Data excerpts
------------------------------

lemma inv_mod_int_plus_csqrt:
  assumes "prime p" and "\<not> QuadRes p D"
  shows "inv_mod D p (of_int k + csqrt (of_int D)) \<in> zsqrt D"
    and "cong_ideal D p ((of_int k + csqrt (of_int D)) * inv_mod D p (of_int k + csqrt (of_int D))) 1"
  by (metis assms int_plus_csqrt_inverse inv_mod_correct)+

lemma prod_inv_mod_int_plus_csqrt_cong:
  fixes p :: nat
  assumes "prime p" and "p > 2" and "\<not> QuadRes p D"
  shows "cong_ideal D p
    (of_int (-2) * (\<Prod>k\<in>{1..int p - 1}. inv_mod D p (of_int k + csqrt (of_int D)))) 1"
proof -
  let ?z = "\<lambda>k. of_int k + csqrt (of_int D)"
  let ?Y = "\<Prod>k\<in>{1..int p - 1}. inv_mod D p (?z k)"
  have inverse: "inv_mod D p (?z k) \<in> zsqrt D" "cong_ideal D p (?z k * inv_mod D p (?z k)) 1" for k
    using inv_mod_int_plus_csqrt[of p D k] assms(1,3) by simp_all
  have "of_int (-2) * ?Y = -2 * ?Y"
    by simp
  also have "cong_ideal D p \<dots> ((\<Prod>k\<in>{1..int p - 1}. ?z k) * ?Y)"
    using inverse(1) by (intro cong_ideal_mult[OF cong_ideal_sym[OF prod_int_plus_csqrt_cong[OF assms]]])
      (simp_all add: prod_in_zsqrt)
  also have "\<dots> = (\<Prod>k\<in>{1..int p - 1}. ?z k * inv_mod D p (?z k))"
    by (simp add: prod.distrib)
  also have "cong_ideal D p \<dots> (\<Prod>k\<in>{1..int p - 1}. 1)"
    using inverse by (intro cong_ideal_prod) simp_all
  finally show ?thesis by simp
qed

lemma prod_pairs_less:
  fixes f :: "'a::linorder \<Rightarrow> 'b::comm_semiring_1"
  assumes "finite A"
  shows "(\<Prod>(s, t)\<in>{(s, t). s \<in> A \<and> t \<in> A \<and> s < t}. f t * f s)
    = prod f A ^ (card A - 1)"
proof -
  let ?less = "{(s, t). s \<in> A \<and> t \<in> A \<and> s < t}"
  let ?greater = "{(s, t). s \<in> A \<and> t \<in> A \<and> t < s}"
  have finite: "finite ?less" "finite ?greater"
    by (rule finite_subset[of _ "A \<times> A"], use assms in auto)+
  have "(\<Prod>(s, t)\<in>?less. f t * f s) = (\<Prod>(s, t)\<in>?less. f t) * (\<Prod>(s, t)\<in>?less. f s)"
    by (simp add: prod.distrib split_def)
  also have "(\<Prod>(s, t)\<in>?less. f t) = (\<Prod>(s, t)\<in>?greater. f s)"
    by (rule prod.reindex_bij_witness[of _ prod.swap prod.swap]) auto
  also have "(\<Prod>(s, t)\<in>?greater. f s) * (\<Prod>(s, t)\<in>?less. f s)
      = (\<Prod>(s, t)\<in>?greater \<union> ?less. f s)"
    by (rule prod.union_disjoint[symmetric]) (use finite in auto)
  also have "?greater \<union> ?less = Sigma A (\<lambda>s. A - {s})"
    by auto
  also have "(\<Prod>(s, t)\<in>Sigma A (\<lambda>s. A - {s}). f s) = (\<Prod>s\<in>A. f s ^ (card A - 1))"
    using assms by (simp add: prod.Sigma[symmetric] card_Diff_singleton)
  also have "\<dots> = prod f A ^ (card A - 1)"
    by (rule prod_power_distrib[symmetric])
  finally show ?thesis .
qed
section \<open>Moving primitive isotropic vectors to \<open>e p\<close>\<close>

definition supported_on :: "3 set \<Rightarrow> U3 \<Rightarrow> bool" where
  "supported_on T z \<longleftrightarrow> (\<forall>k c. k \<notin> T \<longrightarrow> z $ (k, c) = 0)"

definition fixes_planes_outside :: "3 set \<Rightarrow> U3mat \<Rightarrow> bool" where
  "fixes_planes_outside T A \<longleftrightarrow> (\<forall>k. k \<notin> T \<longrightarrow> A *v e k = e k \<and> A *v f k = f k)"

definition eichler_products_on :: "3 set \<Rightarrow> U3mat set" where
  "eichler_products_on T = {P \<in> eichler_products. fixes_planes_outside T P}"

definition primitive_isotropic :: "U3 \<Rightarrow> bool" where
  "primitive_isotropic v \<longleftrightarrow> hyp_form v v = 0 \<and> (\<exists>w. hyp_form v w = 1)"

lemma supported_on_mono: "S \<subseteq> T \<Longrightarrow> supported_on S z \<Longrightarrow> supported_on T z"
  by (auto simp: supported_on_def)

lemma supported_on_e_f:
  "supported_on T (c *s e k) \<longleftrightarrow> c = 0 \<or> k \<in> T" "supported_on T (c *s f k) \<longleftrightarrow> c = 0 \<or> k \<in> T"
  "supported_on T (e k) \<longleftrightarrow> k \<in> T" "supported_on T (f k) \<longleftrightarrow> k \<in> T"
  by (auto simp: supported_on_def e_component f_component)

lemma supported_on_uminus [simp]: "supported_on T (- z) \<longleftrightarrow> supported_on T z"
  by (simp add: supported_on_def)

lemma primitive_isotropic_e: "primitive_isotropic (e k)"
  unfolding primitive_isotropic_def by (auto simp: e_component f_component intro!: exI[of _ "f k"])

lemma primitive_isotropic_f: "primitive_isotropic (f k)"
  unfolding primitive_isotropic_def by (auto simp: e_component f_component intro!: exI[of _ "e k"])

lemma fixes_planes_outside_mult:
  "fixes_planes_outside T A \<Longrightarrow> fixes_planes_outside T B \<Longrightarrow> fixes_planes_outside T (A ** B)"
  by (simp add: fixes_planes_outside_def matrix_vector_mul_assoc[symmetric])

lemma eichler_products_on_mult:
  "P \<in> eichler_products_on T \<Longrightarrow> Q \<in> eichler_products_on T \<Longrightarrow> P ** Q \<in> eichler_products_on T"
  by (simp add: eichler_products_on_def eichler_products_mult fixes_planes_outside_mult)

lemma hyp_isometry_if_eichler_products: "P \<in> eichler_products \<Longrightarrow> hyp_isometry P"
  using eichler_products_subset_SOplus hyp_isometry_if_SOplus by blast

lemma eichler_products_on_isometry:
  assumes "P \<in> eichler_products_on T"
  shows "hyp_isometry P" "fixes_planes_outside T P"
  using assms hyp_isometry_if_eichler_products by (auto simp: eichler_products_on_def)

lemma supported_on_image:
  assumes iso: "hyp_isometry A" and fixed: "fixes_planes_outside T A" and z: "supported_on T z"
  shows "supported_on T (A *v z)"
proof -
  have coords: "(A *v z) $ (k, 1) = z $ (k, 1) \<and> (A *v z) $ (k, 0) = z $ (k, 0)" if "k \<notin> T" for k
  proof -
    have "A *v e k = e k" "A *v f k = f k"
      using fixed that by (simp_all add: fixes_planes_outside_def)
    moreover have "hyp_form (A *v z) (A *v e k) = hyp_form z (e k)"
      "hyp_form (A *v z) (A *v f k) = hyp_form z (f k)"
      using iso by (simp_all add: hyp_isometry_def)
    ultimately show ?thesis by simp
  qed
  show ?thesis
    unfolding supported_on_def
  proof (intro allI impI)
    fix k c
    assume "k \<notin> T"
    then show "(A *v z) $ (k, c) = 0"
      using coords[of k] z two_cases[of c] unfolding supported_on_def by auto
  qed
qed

------------------------------

-- TASK DESCRIPTION --
Your answer should be the exact lines above from the one with "T A \<longleftrightarrow>" through the one with "by (auto simp: supported_on_def e_component", both included, and nothing besides.

-- EXERCISE ANSWER --
  "fixes_planes_outside T A \<longleftrightarrow> (\<forall>k. k \<notin> T \<longrightarrow> A *v e k = e k \<and> A *v f k = f k)"

definition eichler_products_on :: "3 set \<Rightarrow> U3mat set" where
  "eichler_products_on T = {P \<in> eichler_products. fixes_planes_outside T P}"

definition primitive_isotropic :: "U3 \<Rightarrow> bool" where
  "primitive_isotropic v \<longleftrightarrow> hyp_form v v = 0 \<and> (\<exists>w. hyp_form v w = 1)"

lemma supported_on_mono: "S \<subseteq> T \<Longrightarrow> supported_on S z \<Longrightarrow> supported_on T z"
  by (auto simp: supported_on_def)

lemma supported_on_e_f:
  "supported_on T (c *s e k) \<longleftrightarrow> c = 0 \<or> k \<in> T" "supported_on T (c *s f k) \<longleftrightarrow> c = 0 \<or> k \<in> T"
  "supported_on T (e k) \<longleftrightarrow> k \<in> T" "supported_on T (f k) \<longleftrightarrow> k \<in> T"
  by (auto simp: supported_on_def e_component f_component)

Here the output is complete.